▶ [Source records]
________________________________________

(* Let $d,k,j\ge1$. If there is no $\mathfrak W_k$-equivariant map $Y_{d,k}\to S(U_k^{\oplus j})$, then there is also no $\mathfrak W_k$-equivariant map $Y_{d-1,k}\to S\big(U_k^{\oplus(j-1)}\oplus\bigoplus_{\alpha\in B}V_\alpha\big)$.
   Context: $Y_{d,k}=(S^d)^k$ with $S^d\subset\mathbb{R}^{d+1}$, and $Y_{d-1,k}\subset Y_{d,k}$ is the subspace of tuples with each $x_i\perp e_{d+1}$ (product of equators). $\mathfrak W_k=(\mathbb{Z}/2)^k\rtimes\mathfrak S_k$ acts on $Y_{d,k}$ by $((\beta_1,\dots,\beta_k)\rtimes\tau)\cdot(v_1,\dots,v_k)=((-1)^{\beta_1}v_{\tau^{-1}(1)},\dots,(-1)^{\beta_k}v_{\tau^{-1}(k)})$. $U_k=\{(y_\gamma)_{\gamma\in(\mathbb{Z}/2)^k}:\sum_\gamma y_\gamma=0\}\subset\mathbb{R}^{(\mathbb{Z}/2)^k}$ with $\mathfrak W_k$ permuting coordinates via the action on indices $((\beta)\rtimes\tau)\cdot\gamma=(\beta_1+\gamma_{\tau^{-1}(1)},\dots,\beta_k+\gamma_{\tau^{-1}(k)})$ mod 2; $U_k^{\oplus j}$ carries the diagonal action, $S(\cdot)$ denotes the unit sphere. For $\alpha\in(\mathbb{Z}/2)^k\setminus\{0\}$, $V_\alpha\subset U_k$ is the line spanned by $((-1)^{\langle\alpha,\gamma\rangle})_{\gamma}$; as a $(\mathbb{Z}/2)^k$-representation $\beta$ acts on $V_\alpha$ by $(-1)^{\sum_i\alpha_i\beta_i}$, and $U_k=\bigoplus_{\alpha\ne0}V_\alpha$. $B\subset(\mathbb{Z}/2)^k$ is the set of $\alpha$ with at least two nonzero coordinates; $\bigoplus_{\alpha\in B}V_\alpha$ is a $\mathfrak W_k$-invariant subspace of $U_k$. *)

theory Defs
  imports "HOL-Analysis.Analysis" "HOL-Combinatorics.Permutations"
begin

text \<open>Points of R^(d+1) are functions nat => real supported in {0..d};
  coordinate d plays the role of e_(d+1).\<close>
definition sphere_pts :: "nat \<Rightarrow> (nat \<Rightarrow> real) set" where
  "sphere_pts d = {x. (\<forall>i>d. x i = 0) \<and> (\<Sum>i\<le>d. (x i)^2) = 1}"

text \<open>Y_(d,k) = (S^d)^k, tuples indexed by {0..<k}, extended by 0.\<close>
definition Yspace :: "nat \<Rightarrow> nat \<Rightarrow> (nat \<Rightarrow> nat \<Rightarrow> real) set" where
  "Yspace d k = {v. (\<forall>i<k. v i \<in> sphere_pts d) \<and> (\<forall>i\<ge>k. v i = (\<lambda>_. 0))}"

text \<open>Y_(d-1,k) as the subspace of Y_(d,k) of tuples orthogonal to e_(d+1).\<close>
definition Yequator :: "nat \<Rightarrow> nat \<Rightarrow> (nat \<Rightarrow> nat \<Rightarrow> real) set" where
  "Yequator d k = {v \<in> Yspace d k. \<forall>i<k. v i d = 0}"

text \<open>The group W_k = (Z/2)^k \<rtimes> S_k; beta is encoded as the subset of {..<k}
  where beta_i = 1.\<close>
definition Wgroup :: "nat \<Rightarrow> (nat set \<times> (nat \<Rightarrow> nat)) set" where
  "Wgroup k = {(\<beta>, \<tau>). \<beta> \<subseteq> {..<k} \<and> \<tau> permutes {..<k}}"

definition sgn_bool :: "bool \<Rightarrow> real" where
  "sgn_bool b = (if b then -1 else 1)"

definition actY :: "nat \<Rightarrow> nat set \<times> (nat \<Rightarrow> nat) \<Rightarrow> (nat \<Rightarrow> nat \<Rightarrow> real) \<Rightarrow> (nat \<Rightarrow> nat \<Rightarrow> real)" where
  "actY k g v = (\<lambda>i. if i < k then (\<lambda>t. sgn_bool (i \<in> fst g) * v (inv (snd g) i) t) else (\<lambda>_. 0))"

________________________________________

▶ [Brief] Look above for the line containing "theory Defs" and the line containing "nat) \<Rightarrow> (nat". Transcribe both, with the lines between them, exactly.

▶ [Exercise answer]
theory Defs
  imports "HOL-Analysis.Analysis" "HOL-Combinatorics.Permutations"
begin

text \<open>Points of R^(d+1) are functions nat => real supported in {0..d};
  coordinate d plays the role of e_(d+1).\<close>
definition sphere_pts :: "nat \<Rightarrow> (nat \<Rightarrow> real) set" where
  "sphere_pts d = {x. (\<forall>i>d. x i = 0) \<and> (\<Sum>i\<le>d. (x i)^2) = 1}"

text \<open>Y_(d,k) = (S^d)^k, tuples indexed by {0..<k}, extended by 0.\<close>
definition Yspace :: "nat \<Rightarrow> nat \<Rightarrow> (nat \<Rightarrow> nat \<Rightarrow> real) set" where
  "Yspace d k = {v. (\<forall>i<k. v i \<in> sphere_pts d) \<and> (\<forall>i\<ge>k. v i = (\<lambda>_. 0))}"

text \<open>Y_(d-1,k) as the subspace of Y_(d,k) of tuples orthogonal to e_(d+1).\<close>
definition Yequator :: "nat \<Rightarrow> nat \<Rightarrow> (nat \<Rightarrow> nat \<Rightarrow> real) set" where
  "Yequator d k = {v \<in> Yspace d k. \<forall>i<k. v i d = 0}"

text \<open>The group W_k = (Z/2)^k \<rtimes> S_k; beta is encoded as the subset of {..<k}
  where beta_i = 1.\<close>
definition Wgroup :: "nat \<Rightarrow> (nat set \<times> (nat \<Rightarrow> nat)) set" where
  "Wgroup k = {(\<beta>, \<tau>). \<beta> \<subseteq> {..<k} \<and> \<tau> permutes {..<k}}"

definition sgn_bool :: "bool \<Rightarrow> real" where
  "sgn_bool b = (if b then -1 else 1)"

definition actY :: "nat \<Rightarrow> nat set \<times> (nat \<Rightarrow> nat) \<Rightarrow> (nat \<Rightarrow> nat \<Rightarrow> real) \<Rightarrow> (nat \<Rightarrow> nat \<Rightarrow> real)" where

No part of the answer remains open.